17 oct. à 19h à l’Excentris
4. Teenage
Toujours sur le thème de l’adolescence, ce documentaire hors de l’ordinaire nous replonge à l’époque des Première et Deuxième Guerre Mondiale afin de démontrer que l’adolescence est un concept somme toute récent et que cette sempiternelle obsession pour une jeunesse libre et rebelle a d’abord vu le jour au front, où des générations entières d’adultes-en-devenir ont été sacrifiées par leurs aînés.
Le réalisateur Matt Wolf prend le livre Teenage : The Creation of Youth Culture 1875-1945 de l’auteur punk Jon Savage comme matière première, qu’il transforme ensuite en collage inventif, anachronique et hautement rebelle des nombreux mouvements adolescents (les Scouts, les adeptes du swing, même les Jeunesses hitlériennes) ayant éventuellement permis de reconnaître cette période charnière entre l’enfance et l’âge adulte. Avec ses superbes reconstitutions en Super-8, sa bande sonore post-punk, ses extraits de véritables journaux intimes d’ados des années 50, Jason Schwartzman en producteur exécutif et une narration assurée par Jena Malone, Ben Whishaw, Julia Hummer et Jessie Usher, Teenage est incontestablement plus révolutionnaire que la somme de ses parties.
19 oct. à 17h15 à l’Excentris
5. Interior. Leather Bar
Vous avez entièrement raison d’être sceptiques quant à cet énième projet conceptuel de l’artiste « underground-mainstream » par excellence, cette véritable machine à idées travaillant sans relâche pour se défaire de toute étiquette : l’omniprésent James Franco. L’année 2013 nous a démontré que l’étendue de son talent n’est pas encore en parfaite symbiose avec la hauteur de ses ambitions (deux échecs particulièrement cuisants qu'il a dû essuyer: As I Lay Dying et Child of God).

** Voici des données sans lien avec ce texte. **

text \<open>Orthogonality of the linear characters of \<open>\<langle>n\<rangle>\<close>.\<close>

lemma sum_cyclic_induced_char:
  assumes x: "x \<in> carrier G"
  shows "(\<Sum>k<(ord n). cnj (unit_root (ord n) ^ k)
            * mat_tr (monomial_rep (generate G {n}) (cyclic_char n k) e d x))
         = of_nat (ord n * card {i. i < d \<and> e i \<otimes> x \<otimes> inv (e i) = n})"
proof -
  let ?H = "generate G {n}" and ?h = "\<lambda>i. e i \<otimes> x \<otimes> inv (e i)"
  have "n \<in> ?H"
    by (rule generate.incl) simp
  then have per_i: "(\<Sum>k<(ord n). cnj (unit_root (ord n) ^ k) *
      (if ?h i \<in> ?H then cyclic_char n k (?h i) else 0))
      = (if ?h i = n then of_nat (ord n) else 0)" for i
    using sum_cyclic_char[OF fin n] by (cases "?h i \<in> ?H") auto
  have "(\<Sum>k<(ord n). cnj (unit_root (ord n) ^ k)
            * mat_tr (monomial_rep ?H (cyclic_char n k) e d x))
      = (\<Sum>k<(ord n). \<Sum>i<d. cnj (unit_root (ord n) ^ k) *
          (if ?h i \<in> ?H then cyclic_char n k (?h i) else 0))"
    by (simp only: mat_tr_monomial_rep sum_distrib_left)
  also have "\<dots> = (\<Sum>i<d. \<Sum>k<(ord n). cnj (unit_root (ord n) ^ k) *
          (if ?h i \<in> ?H then cyclic_char n k (?h i) else 0))"
    by (rule sum.swap)
  also have "\<dots> = (\<Sum>i<d. if ?h i = n then of_nat (ord n) else 0)"
    by (simp only: per_i)
  finally show ?thesis
    by (simp add: sum_if_const_lessThan)
qed

lemma exists_transversal_conj_self: "\<exists>i<d. e i \<otimes> n \<otimes> inv (e i) = n"
proof -
  have sub: "subgroup (generate G {n}) G"
    using n by (simp add: generate_is_subgroup)
  obtain i where i: "i < d" "\<one> \<otimes> inv (e i) \<in> generate G {n}"
    using e unfolding right_transversal_def by blast
  have ei: "e i \<in> carrier G"
    using e i(1) unfolding right_transversal_def by blast
  have "inv (e i) \<in> generate G {n}"
    using i(2) ei by simp
  then have "inv (inv (e i)) \<in> generate G {n}"
    by (rule subgroup.m_inv_closed[OF sub])
  then obtain j where j: "e i = n [^] (j::nat)"
    using ei by (auto simp: generate_singleton_eq_pow[OF fin n])
  have "e i \<otimes> n = n \<otimes> e i"
    unfolding j by (metis nat_pow_Suc nat_pow_Suc2[OF n])
  then have "e i \<otimes> n \<otimes> inv (e i) = n"
    using ei n by (simp add: m_assoc)
  then show ?thesis
    using i(1) by blast
qed

lemma card_transversal_conj_self_pos: "0 < card {i. i < d \<and> e i \<otimes> n \<otimes> inv (e i) = n}"
  using exists_transversal_conj_self by (auto simp: card_gt_0_iff)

Mais Franco signe avec Interior. Leather Bar un projet méta conceptuel fort réussi, qui attaque de front notre malaise collectif à l’égard du corps masculin et de la sexualité (surtout gaie). En compagnie du co-réalisateur Travis Mathews, Interior. Leather Bar recrée l’univers du film Cruising (1980), qui mettait en vedette Al Pacino dans le rôle d’un détective s’infiltrant dans des boîtes S&M gaies du New York de l’époque. Le projet de Franco et Mathews imagine et reconstitue les 40 minutes de Cruising qui auraient supposément été coupées au montage. Dans un des moments phares de ce docu savamment manipulé, Franco demande à son collègue pourquoi la proposition de voir deux hommes baiser à l'écran devrait le répugner, alors qu’il perçoit plutôt le sexe comme un moment de célébration, et surtout comme outil narratif au potentiel inexploré. Son ami, visiblement inquiet à l'idée d'en savoir davantage à propos de la philosophie Francoienne, reste discret. Franco, pour sa part, réussit son pari.
15 oct. à 21h à l’Excentris / 20 oct. à 18h30 au Cinéma du Parc
Le Festival du nouveau cinéma se poursuit jusqu’au 20 octobre.